> **What you will do**: Look through the data below for the line with "interpretation const: comm_ring_hom", and transcribe it exactly together with each line after it up to and including the line with "w * Poly_Mapping.single". Give nothing else.

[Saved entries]
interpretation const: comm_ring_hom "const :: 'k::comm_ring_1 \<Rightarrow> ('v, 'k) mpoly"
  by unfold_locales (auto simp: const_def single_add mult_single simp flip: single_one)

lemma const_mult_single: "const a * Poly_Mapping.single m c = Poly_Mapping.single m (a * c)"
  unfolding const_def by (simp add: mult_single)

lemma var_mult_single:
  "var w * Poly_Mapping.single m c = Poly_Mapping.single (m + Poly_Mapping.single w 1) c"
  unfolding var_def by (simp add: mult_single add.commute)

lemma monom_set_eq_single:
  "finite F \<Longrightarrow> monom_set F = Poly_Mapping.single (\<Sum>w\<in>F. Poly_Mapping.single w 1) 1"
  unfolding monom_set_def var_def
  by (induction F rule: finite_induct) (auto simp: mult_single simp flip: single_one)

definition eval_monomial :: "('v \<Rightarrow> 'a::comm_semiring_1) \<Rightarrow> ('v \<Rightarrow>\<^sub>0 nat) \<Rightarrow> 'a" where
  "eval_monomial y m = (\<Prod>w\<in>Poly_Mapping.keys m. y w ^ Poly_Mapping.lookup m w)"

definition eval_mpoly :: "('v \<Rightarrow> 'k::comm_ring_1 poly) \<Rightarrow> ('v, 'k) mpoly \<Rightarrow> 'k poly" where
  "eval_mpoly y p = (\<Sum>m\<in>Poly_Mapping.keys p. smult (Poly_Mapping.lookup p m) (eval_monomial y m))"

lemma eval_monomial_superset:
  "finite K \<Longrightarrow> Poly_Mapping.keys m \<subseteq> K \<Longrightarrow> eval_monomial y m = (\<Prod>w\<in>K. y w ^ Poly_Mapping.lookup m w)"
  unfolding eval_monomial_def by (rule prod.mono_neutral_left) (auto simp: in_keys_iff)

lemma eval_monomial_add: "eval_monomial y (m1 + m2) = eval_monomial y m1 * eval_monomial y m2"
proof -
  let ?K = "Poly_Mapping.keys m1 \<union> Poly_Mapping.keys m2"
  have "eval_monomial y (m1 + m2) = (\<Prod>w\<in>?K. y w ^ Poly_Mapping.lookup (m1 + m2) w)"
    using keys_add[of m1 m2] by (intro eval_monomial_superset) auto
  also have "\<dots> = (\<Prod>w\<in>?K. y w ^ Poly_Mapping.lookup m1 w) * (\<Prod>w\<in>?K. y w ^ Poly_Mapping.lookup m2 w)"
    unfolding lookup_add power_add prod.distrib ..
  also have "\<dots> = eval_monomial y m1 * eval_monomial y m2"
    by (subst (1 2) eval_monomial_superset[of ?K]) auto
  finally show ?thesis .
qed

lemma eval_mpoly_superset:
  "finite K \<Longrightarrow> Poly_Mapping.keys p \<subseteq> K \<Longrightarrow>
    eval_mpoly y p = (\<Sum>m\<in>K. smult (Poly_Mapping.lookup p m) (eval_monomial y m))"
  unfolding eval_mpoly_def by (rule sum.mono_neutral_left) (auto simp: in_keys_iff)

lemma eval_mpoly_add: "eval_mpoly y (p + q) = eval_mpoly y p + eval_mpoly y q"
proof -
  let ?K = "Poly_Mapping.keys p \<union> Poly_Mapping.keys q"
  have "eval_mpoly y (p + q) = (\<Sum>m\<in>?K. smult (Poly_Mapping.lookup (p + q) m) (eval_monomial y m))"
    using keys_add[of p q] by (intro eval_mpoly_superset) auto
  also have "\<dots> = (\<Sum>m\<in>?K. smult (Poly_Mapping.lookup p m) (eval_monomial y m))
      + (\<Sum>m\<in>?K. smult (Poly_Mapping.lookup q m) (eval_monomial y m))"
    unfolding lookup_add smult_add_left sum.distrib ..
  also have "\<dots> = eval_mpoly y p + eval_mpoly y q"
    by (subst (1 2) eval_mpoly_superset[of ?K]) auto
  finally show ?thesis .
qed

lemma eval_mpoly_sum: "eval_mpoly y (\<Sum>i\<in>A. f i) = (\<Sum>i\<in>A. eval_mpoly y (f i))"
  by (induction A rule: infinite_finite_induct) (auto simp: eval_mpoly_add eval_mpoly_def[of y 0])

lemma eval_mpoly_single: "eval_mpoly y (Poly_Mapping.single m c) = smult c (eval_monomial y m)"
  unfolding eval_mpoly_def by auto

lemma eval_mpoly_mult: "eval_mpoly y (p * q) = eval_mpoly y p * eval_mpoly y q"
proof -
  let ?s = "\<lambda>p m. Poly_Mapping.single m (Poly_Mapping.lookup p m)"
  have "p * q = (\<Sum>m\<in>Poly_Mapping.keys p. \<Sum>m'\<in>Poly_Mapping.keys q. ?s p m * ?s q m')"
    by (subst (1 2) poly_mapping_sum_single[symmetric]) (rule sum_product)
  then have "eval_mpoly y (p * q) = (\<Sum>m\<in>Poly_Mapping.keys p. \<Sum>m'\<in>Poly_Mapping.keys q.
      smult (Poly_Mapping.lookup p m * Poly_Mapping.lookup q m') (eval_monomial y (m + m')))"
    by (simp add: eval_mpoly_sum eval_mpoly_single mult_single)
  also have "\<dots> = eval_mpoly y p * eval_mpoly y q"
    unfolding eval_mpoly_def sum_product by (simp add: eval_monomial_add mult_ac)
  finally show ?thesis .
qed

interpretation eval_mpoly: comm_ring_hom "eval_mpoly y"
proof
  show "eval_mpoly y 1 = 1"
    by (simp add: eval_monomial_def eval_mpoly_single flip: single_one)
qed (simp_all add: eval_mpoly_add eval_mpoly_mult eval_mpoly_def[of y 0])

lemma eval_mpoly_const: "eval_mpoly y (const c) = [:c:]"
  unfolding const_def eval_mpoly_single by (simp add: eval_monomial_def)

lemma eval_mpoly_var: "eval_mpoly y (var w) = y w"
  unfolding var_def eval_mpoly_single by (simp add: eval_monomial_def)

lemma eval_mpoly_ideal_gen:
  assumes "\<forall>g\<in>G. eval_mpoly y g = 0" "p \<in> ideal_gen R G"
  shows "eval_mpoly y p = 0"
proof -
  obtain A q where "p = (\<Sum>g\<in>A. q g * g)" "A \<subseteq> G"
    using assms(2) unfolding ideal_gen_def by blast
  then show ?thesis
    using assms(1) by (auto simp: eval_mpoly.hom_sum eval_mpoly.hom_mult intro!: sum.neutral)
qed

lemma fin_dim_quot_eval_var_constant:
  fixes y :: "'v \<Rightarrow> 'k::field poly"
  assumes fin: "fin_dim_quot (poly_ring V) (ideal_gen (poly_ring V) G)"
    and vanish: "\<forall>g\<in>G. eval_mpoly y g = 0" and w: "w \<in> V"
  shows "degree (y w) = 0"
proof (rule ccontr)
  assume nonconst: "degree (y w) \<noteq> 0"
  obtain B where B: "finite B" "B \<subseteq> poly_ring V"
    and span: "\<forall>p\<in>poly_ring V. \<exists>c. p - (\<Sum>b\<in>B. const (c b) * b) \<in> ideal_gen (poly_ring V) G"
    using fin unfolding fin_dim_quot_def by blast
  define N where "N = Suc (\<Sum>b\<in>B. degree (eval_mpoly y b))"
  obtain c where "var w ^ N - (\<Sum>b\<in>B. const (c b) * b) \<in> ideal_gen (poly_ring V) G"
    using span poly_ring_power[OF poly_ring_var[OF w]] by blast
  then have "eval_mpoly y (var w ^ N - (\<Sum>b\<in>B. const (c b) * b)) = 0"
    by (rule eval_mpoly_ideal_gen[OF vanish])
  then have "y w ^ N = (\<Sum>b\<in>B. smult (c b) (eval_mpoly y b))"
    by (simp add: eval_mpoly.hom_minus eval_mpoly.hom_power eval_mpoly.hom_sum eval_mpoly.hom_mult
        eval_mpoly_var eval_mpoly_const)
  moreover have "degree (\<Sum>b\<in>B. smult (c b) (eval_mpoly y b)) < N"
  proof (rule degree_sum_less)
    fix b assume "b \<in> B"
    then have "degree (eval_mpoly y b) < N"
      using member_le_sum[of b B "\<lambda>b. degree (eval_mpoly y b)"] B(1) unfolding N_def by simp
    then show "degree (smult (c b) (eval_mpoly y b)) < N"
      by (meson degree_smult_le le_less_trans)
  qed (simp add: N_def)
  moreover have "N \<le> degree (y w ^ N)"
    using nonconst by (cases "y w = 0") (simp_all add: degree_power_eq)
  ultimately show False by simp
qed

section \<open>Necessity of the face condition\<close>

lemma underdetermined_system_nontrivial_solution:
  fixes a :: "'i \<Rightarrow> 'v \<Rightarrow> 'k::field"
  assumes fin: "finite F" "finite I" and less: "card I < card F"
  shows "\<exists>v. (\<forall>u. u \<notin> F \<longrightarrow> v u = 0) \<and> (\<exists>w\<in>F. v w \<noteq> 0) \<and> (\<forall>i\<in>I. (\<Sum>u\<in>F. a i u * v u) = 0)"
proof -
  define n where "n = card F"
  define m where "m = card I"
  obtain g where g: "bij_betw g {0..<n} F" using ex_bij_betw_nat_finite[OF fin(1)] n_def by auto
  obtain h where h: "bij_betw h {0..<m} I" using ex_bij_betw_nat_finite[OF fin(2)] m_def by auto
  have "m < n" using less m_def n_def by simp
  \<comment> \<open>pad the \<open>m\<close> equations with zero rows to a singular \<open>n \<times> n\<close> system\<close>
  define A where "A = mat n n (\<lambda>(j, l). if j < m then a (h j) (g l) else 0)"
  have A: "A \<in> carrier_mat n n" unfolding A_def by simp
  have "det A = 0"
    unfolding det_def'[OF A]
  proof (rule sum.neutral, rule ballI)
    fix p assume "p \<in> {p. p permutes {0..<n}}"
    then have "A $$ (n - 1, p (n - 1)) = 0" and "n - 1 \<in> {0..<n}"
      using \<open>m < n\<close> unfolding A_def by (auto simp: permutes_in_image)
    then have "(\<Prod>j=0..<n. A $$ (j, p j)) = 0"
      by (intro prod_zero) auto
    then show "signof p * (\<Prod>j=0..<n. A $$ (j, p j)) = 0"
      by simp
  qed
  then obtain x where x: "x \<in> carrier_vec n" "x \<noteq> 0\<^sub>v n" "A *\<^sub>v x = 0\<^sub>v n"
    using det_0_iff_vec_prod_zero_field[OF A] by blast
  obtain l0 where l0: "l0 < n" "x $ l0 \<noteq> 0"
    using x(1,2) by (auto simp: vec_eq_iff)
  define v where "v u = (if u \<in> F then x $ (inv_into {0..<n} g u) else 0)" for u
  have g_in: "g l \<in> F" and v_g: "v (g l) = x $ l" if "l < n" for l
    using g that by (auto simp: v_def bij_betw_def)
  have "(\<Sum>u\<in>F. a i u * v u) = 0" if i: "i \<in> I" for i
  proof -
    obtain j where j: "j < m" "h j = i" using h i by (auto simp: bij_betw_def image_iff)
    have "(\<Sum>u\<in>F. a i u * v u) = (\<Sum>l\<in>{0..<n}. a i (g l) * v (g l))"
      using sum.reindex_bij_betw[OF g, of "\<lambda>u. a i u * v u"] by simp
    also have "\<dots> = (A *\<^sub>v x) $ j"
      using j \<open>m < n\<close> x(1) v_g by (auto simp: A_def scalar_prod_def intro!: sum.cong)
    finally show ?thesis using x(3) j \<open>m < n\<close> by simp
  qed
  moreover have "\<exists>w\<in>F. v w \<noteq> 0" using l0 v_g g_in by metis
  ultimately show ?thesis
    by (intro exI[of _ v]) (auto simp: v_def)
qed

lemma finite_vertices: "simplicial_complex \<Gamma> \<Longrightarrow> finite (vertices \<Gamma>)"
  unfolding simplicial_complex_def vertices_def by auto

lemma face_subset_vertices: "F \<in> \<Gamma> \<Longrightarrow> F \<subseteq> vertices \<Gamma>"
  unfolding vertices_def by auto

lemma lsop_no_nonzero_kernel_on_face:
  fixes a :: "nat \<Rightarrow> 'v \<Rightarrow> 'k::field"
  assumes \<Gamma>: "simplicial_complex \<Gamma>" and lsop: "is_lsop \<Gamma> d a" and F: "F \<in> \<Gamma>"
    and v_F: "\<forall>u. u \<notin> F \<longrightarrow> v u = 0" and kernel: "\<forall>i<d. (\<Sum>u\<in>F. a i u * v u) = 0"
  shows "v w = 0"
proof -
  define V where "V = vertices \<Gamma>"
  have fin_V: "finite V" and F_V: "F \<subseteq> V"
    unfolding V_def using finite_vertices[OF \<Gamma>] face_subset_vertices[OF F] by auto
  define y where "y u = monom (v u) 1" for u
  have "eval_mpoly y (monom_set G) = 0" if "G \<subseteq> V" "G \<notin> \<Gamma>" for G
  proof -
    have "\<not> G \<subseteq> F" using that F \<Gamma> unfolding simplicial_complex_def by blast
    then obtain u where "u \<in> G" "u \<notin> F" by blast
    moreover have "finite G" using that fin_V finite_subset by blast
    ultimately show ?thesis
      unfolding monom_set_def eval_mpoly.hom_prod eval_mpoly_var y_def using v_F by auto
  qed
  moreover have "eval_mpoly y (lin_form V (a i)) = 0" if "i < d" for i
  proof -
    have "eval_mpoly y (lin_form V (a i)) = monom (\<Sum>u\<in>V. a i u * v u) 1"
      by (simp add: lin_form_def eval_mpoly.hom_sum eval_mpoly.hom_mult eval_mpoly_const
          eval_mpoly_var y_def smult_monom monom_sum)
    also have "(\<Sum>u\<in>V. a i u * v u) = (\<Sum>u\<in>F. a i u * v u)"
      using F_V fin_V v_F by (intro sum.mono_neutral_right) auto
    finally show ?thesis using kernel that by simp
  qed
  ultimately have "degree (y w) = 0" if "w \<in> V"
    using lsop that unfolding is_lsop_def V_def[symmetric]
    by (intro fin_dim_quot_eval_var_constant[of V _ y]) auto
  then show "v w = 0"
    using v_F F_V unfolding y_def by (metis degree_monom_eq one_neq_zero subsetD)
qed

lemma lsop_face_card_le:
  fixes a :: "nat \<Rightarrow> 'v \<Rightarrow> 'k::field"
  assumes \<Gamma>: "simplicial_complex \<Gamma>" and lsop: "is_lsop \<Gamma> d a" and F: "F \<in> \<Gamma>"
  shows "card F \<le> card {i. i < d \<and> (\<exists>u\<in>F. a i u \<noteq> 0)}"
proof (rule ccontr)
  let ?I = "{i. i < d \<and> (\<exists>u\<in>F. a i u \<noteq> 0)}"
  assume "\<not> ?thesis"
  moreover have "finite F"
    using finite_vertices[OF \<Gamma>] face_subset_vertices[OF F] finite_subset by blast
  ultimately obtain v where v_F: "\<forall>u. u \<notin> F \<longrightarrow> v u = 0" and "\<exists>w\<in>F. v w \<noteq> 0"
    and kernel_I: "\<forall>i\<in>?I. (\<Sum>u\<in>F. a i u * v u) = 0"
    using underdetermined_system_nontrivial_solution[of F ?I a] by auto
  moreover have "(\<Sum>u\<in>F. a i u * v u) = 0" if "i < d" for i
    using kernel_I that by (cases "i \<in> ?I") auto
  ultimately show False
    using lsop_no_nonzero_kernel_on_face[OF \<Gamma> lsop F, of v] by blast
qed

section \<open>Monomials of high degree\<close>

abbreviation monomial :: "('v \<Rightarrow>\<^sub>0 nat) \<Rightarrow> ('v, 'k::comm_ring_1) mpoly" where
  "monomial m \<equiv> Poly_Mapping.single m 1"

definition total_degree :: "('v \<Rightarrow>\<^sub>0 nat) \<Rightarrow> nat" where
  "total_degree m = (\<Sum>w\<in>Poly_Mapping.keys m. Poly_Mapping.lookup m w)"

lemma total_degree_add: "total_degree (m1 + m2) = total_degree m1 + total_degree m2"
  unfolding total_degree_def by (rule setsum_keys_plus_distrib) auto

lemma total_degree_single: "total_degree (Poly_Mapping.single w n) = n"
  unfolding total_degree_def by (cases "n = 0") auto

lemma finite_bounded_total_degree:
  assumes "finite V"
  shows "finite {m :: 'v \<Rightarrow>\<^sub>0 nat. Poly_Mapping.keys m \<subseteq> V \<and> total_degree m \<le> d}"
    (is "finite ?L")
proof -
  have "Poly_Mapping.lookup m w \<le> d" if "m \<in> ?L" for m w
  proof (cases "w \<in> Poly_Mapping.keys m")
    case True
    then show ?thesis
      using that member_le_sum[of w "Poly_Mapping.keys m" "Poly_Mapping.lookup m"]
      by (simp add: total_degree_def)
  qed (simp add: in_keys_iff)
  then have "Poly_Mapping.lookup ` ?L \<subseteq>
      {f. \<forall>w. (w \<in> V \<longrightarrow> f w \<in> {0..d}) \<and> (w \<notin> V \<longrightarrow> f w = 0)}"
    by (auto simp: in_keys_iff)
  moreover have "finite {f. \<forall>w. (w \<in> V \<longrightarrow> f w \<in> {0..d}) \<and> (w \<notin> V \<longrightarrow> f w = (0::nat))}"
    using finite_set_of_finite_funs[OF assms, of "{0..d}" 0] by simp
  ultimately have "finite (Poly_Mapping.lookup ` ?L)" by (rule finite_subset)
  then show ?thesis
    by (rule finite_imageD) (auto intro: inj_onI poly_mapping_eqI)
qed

---

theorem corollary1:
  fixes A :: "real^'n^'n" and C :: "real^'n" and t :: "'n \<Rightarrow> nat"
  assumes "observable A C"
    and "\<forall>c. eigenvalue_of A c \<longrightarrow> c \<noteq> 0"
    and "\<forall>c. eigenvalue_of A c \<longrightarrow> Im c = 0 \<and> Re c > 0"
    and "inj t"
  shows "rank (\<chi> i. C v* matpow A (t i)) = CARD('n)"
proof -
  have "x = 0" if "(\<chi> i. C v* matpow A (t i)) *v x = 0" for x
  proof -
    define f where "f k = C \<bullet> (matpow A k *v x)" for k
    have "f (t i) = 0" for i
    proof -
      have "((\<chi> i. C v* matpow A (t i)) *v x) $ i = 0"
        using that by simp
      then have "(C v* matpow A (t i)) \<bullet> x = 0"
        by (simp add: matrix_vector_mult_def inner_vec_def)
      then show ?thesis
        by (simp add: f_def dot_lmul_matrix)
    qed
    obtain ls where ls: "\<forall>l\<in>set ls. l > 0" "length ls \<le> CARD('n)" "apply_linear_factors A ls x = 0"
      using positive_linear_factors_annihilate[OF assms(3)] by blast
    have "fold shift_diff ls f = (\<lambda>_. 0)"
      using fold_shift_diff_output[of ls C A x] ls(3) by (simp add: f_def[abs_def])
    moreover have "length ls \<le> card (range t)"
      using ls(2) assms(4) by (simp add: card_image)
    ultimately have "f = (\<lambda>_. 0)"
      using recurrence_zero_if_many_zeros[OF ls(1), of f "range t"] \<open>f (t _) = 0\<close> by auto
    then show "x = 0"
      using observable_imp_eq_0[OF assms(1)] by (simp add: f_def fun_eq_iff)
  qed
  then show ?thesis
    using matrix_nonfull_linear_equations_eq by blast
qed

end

==

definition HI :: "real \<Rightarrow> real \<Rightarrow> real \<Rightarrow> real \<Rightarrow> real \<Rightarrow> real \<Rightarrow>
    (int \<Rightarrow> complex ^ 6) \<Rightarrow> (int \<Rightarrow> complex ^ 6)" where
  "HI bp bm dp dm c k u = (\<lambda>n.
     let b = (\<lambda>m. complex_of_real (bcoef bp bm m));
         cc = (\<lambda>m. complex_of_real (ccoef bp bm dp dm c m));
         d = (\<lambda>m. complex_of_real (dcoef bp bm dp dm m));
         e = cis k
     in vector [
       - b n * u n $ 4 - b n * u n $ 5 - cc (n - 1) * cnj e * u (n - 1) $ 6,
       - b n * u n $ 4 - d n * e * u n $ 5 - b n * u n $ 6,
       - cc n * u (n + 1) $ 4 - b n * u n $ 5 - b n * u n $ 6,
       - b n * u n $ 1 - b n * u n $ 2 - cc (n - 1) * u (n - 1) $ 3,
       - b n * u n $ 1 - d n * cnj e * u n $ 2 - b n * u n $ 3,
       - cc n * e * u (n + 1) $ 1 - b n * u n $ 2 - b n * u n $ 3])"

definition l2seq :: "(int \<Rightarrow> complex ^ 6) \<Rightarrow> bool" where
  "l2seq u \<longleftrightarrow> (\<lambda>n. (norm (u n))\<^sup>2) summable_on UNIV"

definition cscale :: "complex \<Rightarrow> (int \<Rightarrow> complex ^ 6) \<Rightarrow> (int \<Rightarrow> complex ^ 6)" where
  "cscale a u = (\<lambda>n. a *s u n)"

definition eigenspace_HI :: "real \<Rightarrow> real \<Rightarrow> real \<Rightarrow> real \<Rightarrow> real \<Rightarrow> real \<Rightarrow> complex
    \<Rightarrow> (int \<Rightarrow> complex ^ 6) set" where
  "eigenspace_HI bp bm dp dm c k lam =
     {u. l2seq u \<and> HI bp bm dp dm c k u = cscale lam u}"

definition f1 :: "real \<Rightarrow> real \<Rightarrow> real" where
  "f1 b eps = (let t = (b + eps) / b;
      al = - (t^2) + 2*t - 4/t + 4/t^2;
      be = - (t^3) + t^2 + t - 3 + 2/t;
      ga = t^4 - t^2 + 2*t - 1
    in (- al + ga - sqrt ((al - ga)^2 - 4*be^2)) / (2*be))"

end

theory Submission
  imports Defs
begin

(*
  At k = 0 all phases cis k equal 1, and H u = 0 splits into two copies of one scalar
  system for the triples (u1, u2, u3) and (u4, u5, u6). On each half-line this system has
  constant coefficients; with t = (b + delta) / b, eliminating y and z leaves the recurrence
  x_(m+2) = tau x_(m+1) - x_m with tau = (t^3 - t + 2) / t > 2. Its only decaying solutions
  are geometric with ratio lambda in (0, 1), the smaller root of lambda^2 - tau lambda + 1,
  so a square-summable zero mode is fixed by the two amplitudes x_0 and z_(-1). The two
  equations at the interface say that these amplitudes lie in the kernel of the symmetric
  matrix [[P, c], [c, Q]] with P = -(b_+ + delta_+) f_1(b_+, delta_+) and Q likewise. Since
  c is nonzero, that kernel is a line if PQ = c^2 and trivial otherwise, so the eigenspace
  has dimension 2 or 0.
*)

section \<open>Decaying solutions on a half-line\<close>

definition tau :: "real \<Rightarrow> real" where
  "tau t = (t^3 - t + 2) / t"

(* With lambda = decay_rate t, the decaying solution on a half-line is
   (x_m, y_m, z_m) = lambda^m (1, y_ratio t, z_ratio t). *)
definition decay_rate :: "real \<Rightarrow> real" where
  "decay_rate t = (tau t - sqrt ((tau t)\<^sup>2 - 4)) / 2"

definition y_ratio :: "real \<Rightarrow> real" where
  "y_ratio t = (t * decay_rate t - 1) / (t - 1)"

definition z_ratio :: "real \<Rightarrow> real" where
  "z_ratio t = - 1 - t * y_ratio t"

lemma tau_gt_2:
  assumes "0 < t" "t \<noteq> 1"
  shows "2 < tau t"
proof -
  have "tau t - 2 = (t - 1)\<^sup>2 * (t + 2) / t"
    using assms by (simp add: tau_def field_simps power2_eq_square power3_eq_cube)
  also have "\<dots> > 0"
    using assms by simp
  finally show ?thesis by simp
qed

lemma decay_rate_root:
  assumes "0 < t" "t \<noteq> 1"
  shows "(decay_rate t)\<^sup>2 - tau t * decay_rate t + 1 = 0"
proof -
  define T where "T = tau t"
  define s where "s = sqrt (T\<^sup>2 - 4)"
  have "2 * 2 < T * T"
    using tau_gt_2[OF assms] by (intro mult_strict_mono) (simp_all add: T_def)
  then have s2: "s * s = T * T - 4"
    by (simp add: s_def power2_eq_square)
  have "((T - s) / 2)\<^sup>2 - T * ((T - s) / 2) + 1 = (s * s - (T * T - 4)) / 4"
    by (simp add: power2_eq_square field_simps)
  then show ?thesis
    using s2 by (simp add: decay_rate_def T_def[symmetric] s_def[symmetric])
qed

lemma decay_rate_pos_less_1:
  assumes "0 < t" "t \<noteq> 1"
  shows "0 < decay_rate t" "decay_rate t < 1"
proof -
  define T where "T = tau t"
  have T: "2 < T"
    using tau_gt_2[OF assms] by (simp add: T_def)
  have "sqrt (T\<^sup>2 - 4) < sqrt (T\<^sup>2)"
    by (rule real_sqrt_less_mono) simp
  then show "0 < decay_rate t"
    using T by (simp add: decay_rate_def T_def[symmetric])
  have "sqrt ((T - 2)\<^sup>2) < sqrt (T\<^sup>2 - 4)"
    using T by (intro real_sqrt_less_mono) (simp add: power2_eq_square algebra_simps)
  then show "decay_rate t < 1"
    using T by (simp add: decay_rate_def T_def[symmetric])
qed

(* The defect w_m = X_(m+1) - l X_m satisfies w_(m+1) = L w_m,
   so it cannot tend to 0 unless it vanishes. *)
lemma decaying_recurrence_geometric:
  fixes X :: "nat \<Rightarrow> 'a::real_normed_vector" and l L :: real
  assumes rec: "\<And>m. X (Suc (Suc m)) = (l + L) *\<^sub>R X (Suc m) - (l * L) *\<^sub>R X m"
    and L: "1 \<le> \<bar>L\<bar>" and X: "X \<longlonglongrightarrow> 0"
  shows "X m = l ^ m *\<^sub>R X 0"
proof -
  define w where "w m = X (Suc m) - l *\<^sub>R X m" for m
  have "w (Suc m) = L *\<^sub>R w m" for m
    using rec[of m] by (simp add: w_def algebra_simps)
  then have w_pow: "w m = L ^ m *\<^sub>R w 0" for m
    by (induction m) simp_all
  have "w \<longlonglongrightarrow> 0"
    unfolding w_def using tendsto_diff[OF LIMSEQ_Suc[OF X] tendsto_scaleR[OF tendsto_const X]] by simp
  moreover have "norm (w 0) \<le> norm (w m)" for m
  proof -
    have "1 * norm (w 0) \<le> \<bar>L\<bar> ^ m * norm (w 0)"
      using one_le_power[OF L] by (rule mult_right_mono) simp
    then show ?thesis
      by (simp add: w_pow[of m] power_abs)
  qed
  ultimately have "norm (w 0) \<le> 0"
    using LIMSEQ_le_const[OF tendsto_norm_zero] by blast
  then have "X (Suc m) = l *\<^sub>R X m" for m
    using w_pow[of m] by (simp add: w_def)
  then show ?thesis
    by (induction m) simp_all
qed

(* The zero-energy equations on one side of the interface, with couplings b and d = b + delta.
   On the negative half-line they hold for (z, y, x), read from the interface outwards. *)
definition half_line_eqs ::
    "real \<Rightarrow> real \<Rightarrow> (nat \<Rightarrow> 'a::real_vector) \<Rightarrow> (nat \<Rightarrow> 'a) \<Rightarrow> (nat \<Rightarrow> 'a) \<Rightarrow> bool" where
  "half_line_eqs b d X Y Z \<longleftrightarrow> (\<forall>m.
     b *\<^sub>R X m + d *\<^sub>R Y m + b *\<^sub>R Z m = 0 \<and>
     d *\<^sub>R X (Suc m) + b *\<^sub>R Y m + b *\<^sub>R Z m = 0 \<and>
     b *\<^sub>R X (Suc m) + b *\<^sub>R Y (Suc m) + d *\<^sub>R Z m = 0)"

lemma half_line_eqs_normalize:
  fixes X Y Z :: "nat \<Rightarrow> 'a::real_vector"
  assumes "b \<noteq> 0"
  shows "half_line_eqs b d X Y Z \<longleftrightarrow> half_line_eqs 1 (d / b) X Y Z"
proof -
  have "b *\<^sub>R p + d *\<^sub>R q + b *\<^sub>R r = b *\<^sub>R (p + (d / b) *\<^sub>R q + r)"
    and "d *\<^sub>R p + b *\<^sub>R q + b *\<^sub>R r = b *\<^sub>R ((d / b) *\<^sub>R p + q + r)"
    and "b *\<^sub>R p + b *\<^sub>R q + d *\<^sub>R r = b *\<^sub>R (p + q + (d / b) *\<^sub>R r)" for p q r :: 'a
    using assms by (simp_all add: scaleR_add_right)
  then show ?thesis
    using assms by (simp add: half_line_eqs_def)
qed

> **Solution for this problem**:
interpretation const: comm_ring_hom "const :: 'k::comm_ring_1 \<Rightarrow> ('v, 'k) mpoly"
  by unfold_locales (auto simp: const_def single_add mult_single simp flip: single_one)

lemma const_mult_single: "const a * Poly_Mapping.single m c = Poly_Mapping.single m (a * c)"
  unfolding const_def by (simp add: mult_single)

lemma var_mult_single:
  "var w * Poly_Mapping.single m c = Poly_Mapping.single (m + Poly_Mapping.single w 1) c"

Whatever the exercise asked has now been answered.